Alva menunjuk dua koper besar dan tas ransel hitam milik Zafriel.
"Makasih bayi."
"kunci toko."
Vano menyerahkan kunci toko bunga Zafriel pada pemiliknya. Zafriel sampai melupakan nasib toko bunganya itu, entah bagaimana keadaannya sekarang.
"Tokonya?"
"Aman. Ada pekerja suruhan El."
Zafriel menatap Elgar. Menggerakkan bibirnya pelan dan berucap terimakasih tanpa mengeluarkan suara.
"Udah nggak kerja lagi sekarang. Alva nggak dibolehin sama Vano"
"Nggak papa bayi. Sekolah aja yang bener nggak usah kerja. Yang kerja biar Vano aja."
Beberapa maid datang membawakan minuman dan camilan ringan.
"Zafi tinggal disini mulai sekarang?"
"Zafi ikut Kak El."
"Tinggal di sini kan El?"
Avram tentu saja berharap Elgar mau tinggal bersama.

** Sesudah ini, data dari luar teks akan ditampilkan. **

text \<open>Any two m-subsets I, J are joined by card (I - J) exchanges.\<close>
lemma constant_sign_on_msubsets_if_exchange:
  fixes Q :: "nat set \<Rightarrow> real"
  assumes exch: "\<And>I p q. I \<in> msubsets n m \<Longrightarrow> p \<in> I \<Longrightarrow> q < n \<Longrightarrow> q \<notin> I \<Longrightarrow>
        0 < Q I * Q (insert q (I - {p}))"
    and nz: "\<And>I. I \<in> msubsets n m \<Longrightarrow> Q I \<noteq> 0"
  shows "constant_sign_on (msubsets n m) Q"
proof (rule constant_sign_onI_products)
  have "0 < Q I * Q J" if "I \<in> msubsets n m" "J \<in> msubsets n m" "card (I - J) = d" for d I J
    using that
  proof (induction d arbitrary: I)
    case 0
    have fin: "finite I" "finite J" using 0 finite_subset by (auto simp: msubsets_def)
    hence "I \<subseteq> J" using 0 by auto
    moreover have "card I = card J" using "0.prems" by (simp add: msubsets_def)
    ultimately have "I = J" using fin card_subset_eq by blast
    thus ?case using nz[OF 0(1)] not_real_square_gt_zero by blast
  next
    case (Suc d)
    have IS: "I \<subseteq> {0..<n}" "card I = m" and JS: "J \<subseteq> {0..<n}" "card J = m"
      using Suc.prems by (auto simp: msubsets_def)
    have fin: "finite I" "finite J" using IS(1) JS(1) finite_subset by auto
    obtain p where p: "p \<in> I - J" using Suc.prems(3) by (metis card.empty ex_in_conv nat.distinct(1))
    have "card (J - I) = card (I - J)"
      using fin IS(2) JS(2) by (simp add: card_Diff_subset_Int Int_commute)
    then obtain q where q: "q \<in> J - I" using Suc.prems(3) by (metis card.empty ex_in_conv nat.distinct(1))
    define I' where "I' = insert q (I - {p})"
    have "card I' = m" using fin p q IS(2) card_gt_0_iff[of I] by (auto simp: I'_def card_insert_if)
    hence I': "I' \<in> msubsets n m" using IS JS q by (auto simp: I'_def msubsets_def)
    have "I' - J = (I - J) - {p}" using p q by (auto simp: I'_def)
    hence "card (I' - J) = d" using Suc.prems(3) p fin by simp
    hence "0 < Q I' * Q J" using Suc.IH I' Suc.prems(2) by blast
    moreover have "0 < Q I * Q I'" unfolding I'_def using exch Suc.prems(1) p q JS(1) by auto
    ultimately show ?case by (auto simp: zero_less_mult_iff)
  qed
  thus "\<And>I J. I \<in> msubsets n m \<Longrightarrow> J \<in> msubsets n m \<Longrightarrow> 0 < Q I * Q J" by blast
qed

definition arr_iso_map ::
    "nat \<Rightarrow> nat \<Rightarrow> (nat \<Rightarrow> real vec) \<Rightarrow> (nat \<Rightarrow> real vec) \<Rightarrow> (nat \<Rightarrow> nat) \<Rightarrow> bool" where
  "arr_iso_map m n v w \<sigma> \<longleftrightarrow> (\<forall>f. inj_on f {..m} \<and> f ` {..m} \<subseteq> {0..<n} \<longrightarrow>
       (\<forall>a b. (\<forall>k<m. v (f m) $ k = (\<Sum>j<m. a j * v (f j) $ k)) \<and>
              (\<forall>k<m. w (\<sigma> (f m)) $ k = (\<Sum>j<m. b j * w (\<sigma> (f j)) $ k))
              \<longrightarrow> (\<forall>j<m. a j * b j > 0)))"

lemma iso_arr_iff_arr_iso_map:
  "iso_arr m n v w \<longleftrightarrow> (\<exists>\<sigma>. bij_betw \<sigma> {0..<n} {0..<n} \<and> arr_iso_map m n v w \<sigma>)"
  by (simp add: iso_arr_def arr_iso_map_def)

lemma arr_iso_map_cong:
  assumes "\<And>i. i < n \<Longrightarrow> \<sigma> i = \<tau> i" "arr_iso_map m n v w \<sigma>"
  shows "arr_iso_map m n v w \<tau>"
  unfolding arr_iso_map_def
proof (intro allI impI)
  fix f a b j assume f: "inj_on f {..m} \<and> f ` {..m} \<subseteq> {0..<n}"
    and rel: "(\<forall>k<m. v (f m) $ k = (\<Sum>j<m. a j * v (f j) $ k)) \<and>
              (\<forall>k<m. w (\<tau> (f m)) $ k = (\<Sum>j<m. b j * w (\<tau> (f j)) $ k))"
    and j: "j < m"
  have "\<And>i. i \<le> m \<Longrightarrow> w (\<sigma> (f i)) = w (\<tau> (f i))" using assms(1) f by auto
  hence "\<forall>k<m. w (\<sigma> (f m)) $ k = (\<Sum>j<m. b j * w (\<sigma> (f j)) $ k)"
    using rel lin_relation_cong[of m "\<lambda>i. w (\<sigma> (f i))" "\<lambda>i. w (\<tau> (f i))" b] by blast
  thus "a j * b j > 0"
    using assms(2)[unfolded arr_iso_map_def, rule_format, OF f] rel j by blast
qed

lemma arr_iso_map_if_minor_sign_equiv:
  assumes \<sigma>: "\<sigma> permutes {0..<n}" and A: "A \<in> carrier_mat m n" and B: "B \<in> carrier_mat m n"
    and equiv: "minor_sign_equiv m n (perm_act \<sigma> A) B"
  shows "arr_iso_map m n (col A) (col B) \<sigma>"
  unfolding arr_iso_map_def
proof (intro allI impI)
  fix f a b j
  assume f: "inj_on f {..m} \<and> f ` {..m} \<subseteq> {0..<n}"
    and rel: "(\<forall>k<m. col A (f m) $ k = (\<Sum>j<m. a j * col A (f j) $ k)) \<and>
              (\<forall>k<m. col B (\<sigma> (f m)) $ k = (\<Sum>j<m. b j * col B (\<sigma> (f j)) $ k))"
    and j: "j < m"
  let ?A' = "perm_act \<sigma> A" and ?g = "\<sigma> \<circ> f"
  let ?Q = "\<lambda>I. maxminor ?A' I * maxminor B I"
  obtain e where e: "\<forall>I\<in>msubsets n m. 0 < e * ?Q I"
    using equiv by (auto simp: minor_sign_equiv_def constant_sign_on_def)
  have g: "inj_on ?g {..m}" "?g ` {..m} \<subseteq> {0..<n}"
    using comp_inj_on[OF conjunct1[OF f] permutes_inj_on[OF \<sigma>]] f permutes_in_image[OF \<sigma>] by auto
  have "\<And>i. i \<le> m \<Longrightarrow> col A (f i) = col ?A' (?g i)" using col_perm_act[OF \<sigma> A] f by auto
  hence a: "\<forall>k<m. col ?A' (?g m) $ k = (\<Sum>i<m. a i * col ?A' (?g i) $ k)"
    using rel lin_relation_cong[of m "\<lambda>i. col A (f i)" "\<lambda>i. col ?A' (?g i)" a] by blast
  have b: "\<forall>k<m. col B (?g m) $ k = (\<Sum>i<m. b i * col B (?g i) $ k)" using rel by simp
  have "?g ` {..<m} \<in> msubsets n m"
    using g(2) by (intro image_lessThan_in_msubsets inj_on_subset[OF g(1)]) auto
  moreover have "(?g(j := ?g m)) ` {..<m} \<in> msubsets n m"
    using g(2) by (intro image_lessThan_in_msubsets inj_on_fun_upd_last[OF g(1) j]) auto
  ultimately have "0 < e * ?Q (?g ` {..<m})" "0 < e * ?Q ((?g(j := ?g m)) ` {..<m})" using e by auto
  moreover have "?Q ((?g(j := ?g m)) ` {..<m}) = a j * b j * ?Q (?g ` {..<m})"
    by (rule minor_products_exchange[OF perm_act_carrier[OF A] B g j a b])
  ultimately show "a j * b j > 0" by (metis mult.left_commute zero_less_mult_pos2)
qed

Ia senang karena ada Zafi yang bisa ia manjakan jadi ia tak akan bosan.
Elgar mengangguk saja. Lagipula Zafriel bisa menemani Aksa yang biasanya selalu sendirian dan hanya bersama para pekerja di mansion besar ini.
"Alva sering main ke sini ya."
Alva mengangguk senang. Tentu saja ia suka bermain bersama Zafriel, ia tak akan kesepian.
"Boleh kan Vano?"
"Boleh."
Avram merasa ternistakan karena hanya dia yang belum punya pasangan.
"Baby Zafi bisa ajak Alva main. Abang Av, Vano sama Elgar mau bahas pekerjaan dulu okay?"
Zafriel mengangguk "oke Abang."
"Emm boleh pinjam laptop?"
Elgar menyuruh salah satu pekerja untuk mengambil laptop di kamarnya.
Avram bangkit dari duduknya mengkode dua pria Yang lebih muda untuk mengikuti langkahnya.
Sebelum berlalu menyempatkan diri untuk mengelus kepala bayi-bayi itu sayang.
"Eskrim moci nya ada di kulkas. Banyak banget, nanti dimakan ya."
"Makasih Abang."
"Nanti Abang beliin mobil. Dibilang jangan makasih nanti hadiahnya Abang tambahin."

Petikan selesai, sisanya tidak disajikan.